▶ **WORK TO BE COMPLETED**
The span to repeat in the listing below runs from the line containing "assms by auto" to the line containing "unfolding f_alpha_def[abs_def] by", inclusive. Repeat it exactly, and only it.

▶ **RECORDS PROVIDED**
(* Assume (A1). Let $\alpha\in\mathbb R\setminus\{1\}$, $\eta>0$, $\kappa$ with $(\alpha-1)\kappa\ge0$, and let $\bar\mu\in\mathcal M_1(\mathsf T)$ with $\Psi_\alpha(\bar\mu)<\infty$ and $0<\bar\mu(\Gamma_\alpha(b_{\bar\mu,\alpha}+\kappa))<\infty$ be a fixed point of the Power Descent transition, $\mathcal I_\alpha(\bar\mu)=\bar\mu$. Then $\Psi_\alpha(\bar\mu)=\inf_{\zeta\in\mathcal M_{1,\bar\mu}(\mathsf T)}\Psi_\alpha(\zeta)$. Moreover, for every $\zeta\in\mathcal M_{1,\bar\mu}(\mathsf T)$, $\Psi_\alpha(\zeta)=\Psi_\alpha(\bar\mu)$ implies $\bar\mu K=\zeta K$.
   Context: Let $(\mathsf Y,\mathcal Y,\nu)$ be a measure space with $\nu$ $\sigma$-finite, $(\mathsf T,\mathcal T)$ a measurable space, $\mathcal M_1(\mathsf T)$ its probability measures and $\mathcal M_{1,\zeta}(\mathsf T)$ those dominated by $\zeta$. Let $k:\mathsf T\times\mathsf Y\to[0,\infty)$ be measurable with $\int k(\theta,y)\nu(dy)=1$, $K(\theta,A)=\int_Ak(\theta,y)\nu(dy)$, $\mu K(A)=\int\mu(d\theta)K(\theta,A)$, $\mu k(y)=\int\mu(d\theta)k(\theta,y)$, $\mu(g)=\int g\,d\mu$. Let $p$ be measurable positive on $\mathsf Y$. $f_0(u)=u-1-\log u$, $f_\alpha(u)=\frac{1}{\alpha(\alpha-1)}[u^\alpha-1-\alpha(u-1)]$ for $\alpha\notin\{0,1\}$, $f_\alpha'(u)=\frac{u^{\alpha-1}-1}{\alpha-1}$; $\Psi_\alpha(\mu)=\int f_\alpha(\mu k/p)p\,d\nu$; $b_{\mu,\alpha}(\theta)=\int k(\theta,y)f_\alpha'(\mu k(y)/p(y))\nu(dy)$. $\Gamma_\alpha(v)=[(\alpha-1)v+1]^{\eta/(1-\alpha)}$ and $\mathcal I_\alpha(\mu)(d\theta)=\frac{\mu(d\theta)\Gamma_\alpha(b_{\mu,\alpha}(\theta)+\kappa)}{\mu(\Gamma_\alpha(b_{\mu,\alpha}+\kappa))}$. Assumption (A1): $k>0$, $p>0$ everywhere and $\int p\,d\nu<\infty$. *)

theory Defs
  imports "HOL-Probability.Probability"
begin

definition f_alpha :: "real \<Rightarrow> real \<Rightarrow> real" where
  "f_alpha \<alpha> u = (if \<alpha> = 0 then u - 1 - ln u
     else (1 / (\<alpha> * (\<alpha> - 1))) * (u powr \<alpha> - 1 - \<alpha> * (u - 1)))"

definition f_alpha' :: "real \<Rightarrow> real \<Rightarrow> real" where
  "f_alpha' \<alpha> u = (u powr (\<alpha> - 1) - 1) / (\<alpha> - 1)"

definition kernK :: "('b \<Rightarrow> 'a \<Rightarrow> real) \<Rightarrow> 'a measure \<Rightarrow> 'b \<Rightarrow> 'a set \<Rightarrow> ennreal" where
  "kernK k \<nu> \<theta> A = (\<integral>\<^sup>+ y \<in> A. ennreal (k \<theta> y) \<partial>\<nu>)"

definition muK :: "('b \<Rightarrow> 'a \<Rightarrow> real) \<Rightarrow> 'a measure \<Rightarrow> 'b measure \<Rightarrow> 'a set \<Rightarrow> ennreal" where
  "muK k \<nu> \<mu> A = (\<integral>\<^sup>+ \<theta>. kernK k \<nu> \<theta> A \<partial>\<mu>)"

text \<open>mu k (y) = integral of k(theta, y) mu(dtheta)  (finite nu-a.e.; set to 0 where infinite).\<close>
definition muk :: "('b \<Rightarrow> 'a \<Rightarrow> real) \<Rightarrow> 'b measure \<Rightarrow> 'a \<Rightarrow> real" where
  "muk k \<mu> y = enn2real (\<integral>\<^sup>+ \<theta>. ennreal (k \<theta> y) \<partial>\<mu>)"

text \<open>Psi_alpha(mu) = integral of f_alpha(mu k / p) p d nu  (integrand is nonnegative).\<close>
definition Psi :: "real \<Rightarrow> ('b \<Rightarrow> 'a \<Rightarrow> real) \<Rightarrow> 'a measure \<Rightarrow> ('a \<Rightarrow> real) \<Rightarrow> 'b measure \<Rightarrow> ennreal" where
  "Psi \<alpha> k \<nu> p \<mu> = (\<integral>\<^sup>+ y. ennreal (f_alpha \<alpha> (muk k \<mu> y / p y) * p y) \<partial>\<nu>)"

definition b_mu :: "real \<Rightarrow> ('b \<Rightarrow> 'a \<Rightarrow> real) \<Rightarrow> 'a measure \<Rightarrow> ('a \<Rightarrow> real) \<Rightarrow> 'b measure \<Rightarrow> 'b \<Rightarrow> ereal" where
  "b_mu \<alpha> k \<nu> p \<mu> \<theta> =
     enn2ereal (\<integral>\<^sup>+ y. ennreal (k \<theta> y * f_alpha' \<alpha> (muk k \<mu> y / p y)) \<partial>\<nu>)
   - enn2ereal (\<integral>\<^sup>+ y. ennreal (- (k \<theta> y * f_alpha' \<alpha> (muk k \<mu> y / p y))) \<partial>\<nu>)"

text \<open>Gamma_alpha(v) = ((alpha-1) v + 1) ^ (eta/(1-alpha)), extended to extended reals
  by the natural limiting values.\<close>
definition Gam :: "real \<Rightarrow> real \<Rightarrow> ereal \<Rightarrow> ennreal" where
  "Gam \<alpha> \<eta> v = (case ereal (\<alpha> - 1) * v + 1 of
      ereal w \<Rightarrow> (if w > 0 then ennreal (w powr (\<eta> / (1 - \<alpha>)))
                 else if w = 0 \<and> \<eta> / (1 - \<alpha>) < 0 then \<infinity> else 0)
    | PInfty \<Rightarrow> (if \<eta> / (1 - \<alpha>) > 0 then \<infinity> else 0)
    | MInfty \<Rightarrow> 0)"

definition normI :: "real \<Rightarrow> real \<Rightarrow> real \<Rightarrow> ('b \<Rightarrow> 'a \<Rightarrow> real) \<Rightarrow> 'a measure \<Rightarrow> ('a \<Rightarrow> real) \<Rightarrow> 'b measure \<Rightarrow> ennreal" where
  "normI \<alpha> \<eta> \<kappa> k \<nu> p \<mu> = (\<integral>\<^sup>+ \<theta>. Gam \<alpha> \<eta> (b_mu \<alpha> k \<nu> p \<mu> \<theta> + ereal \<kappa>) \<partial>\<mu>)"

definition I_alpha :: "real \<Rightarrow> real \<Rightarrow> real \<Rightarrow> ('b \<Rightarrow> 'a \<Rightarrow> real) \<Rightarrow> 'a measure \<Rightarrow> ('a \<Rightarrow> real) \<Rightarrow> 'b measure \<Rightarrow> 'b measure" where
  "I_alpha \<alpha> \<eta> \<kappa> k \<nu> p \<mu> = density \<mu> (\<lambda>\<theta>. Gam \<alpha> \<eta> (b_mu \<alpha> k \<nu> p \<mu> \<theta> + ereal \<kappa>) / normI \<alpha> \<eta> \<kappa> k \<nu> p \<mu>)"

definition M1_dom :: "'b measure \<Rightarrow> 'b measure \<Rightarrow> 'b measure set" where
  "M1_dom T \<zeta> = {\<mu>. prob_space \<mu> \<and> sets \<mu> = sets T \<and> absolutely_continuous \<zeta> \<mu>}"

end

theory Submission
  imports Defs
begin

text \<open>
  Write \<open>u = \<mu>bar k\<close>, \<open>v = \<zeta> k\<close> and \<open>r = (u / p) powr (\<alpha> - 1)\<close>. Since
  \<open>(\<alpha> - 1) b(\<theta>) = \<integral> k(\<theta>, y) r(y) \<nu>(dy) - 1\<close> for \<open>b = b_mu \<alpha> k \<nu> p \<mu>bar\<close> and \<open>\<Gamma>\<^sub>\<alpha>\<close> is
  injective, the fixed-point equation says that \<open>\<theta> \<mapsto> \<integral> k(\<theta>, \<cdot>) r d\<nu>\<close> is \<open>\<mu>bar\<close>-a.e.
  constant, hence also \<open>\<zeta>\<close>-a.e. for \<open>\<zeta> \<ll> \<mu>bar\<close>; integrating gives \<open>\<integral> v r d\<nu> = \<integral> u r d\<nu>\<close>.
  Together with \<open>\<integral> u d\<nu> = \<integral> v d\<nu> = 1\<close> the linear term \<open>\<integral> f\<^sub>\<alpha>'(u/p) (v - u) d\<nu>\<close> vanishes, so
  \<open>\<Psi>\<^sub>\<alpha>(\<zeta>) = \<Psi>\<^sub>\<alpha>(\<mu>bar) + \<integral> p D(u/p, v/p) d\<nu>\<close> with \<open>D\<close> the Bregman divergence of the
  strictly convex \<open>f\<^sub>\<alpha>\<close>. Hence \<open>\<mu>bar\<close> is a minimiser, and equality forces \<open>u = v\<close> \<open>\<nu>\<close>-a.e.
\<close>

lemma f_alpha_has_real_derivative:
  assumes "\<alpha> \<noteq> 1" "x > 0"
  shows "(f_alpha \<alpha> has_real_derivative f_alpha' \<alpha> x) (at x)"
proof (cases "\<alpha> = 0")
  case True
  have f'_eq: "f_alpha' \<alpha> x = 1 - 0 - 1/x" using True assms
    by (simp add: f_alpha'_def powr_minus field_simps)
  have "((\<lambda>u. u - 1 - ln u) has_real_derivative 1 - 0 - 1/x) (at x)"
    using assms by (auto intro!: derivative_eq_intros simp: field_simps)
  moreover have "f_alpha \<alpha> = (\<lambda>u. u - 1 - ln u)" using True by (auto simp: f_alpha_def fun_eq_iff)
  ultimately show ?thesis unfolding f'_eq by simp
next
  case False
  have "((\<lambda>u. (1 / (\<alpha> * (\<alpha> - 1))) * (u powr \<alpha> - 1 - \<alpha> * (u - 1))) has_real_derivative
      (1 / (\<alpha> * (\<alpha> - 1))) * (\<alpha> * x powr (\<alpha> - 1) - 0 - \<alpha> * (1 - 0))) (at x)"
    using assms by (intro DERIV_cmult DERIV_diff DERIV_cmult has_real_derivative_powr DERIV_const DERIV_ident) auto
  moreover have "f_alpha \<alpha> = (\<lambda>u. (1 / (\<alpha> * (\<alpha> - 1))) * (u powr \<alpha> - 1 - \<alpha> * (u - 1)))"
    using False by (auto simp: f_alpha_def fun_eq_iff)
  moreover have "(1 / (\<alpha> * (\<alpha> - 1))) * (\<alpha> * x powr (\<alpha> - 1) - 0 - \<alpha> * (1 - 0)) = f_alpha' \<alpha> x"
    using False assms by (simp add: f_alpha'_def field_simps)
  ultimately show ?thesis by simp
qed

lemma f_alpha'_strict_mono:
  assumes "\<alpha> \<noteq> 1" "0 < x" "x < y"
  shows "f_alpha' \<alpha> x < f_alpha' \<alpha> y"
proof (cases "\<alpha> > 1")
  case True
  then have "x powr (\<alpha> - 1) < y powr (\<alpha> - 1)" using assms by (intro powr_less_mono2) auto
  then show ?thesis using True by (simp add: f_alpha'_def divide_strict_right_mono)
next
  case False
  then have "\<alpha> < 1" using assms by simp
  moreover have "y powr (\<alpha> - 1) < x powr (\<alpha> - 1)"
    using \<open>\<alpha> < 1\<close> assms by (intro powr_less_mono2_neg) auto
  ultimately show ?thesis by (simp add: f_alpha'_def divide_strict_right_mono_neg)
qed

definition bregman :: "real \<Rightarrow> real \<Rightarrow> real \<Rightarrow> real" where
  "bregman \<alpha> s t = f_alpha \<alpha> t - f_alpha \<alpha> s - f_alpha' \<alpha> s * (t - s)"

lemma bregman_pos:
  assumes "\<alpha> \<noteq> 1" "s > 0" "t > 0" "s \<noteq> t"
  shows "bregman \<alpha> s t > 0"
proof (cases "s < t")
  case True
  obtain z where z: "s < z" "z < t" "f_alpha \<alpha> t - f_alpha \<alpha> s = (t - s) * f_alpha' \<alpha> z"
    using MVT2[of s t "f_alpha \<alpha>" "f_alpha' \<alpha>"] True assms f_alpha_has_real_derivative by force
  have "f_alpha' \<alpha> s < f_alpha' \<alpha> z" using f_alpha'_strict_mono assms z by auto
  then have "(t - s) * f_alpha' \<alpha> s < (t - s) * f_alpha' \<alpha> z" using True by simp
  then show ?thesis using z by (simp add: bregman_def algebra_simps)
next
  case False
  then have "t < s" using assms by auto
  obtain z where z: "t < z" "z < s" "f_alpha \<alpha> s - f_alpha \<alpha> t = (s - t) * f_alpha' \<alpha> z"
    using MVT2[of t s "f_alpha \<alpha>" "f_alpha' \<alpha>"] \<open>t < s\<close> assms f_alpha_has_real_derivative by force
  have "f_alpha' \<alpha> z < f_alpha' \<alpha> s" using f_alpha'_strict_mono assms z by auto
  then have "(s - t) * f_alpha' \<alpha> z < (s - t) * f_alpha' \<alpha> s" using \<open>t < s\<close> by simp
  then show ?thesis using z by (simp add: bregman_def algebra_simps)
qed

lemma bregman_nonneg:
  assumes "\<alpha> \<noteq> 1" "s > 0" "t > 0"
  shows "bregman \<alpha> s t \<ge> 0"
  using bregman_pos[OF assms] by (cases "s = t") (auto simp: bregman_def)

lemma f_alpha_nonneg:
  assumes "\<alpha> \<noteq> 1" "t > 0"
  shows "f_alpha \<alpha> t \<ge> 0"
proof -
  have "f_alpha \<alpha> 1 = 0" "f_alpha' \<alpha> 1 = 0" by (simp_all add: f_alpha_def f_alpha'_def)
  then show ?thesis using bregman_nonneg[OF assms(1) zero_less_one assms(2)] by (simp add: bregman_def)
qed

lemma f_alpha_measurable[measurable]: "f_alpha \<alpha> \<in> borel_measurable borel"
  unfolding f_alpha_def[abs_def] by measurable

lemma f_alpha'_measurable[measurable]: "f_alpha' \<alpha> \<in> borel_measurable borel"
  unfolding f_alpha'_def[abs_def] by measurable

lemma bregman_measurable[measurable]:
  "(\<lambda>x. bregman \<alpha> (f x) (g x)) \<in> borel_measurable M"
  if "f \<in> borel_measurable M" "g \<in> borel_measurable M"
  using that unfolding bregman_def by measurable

▶ **ANSWER AREA**
  then have "t < s" using assms by auto
  obtain z where z: "t < z" "z < s" "f_alpha \<alpha> s - f_alpha \<alpha> t = (s - t) * f_alpha' \<alpha> z"
    using MVT2[of t s "f_alpha \<alpha>" "f_alpha' \<alpha>"] \<open>t < s\<close> assms f_alpha_has_real_derivative by force
  have "f_alpha' \<alpha> z < f_alpha' \<alpha> s" using f_alpha'_strict_mono assms z by auto
  then have "(s - t) * f_alpha' \<alpha> z < (s - t) * f_alpha' \<alpha> s" using \<open>t < s\<close> by simp
  then show ?thesis using z by (simp add: bregman_def algebra_simps)
qed

lemma bregman_nonneg:
  assumes "\<alpha> \<noteq> 1" "s > 0" "t > 0"
  shows "bregman \<alpha> s t \<ge> 0"
  using bregman_pos[OF assms] by (cases "s = t") (auto simp: bregman_def)

lemma f_alpha_nonneg:
  assumes "\<alpha> \<noteq> 1" "t > 0"
  shows "f_alpha \<alpha> t \<ge> 0"
proof -
  have "f_alpha \<alpha> 1 = 0" "f_alpha' \<alpha> 1 = 0" by (simp_all add: f_alpha_def f_alpha'_def)
  then show ?thesis using bregman_nonneg[OF assms(1) zero_less_one assms(2)] by (simp add: bregman_def)
qed

lemma f_alpha_measurable[measurable]: "f_alpha \<alpha> \<in> borel_measurable borel"
  unfolding f_alpha_def[abs_def] by measurable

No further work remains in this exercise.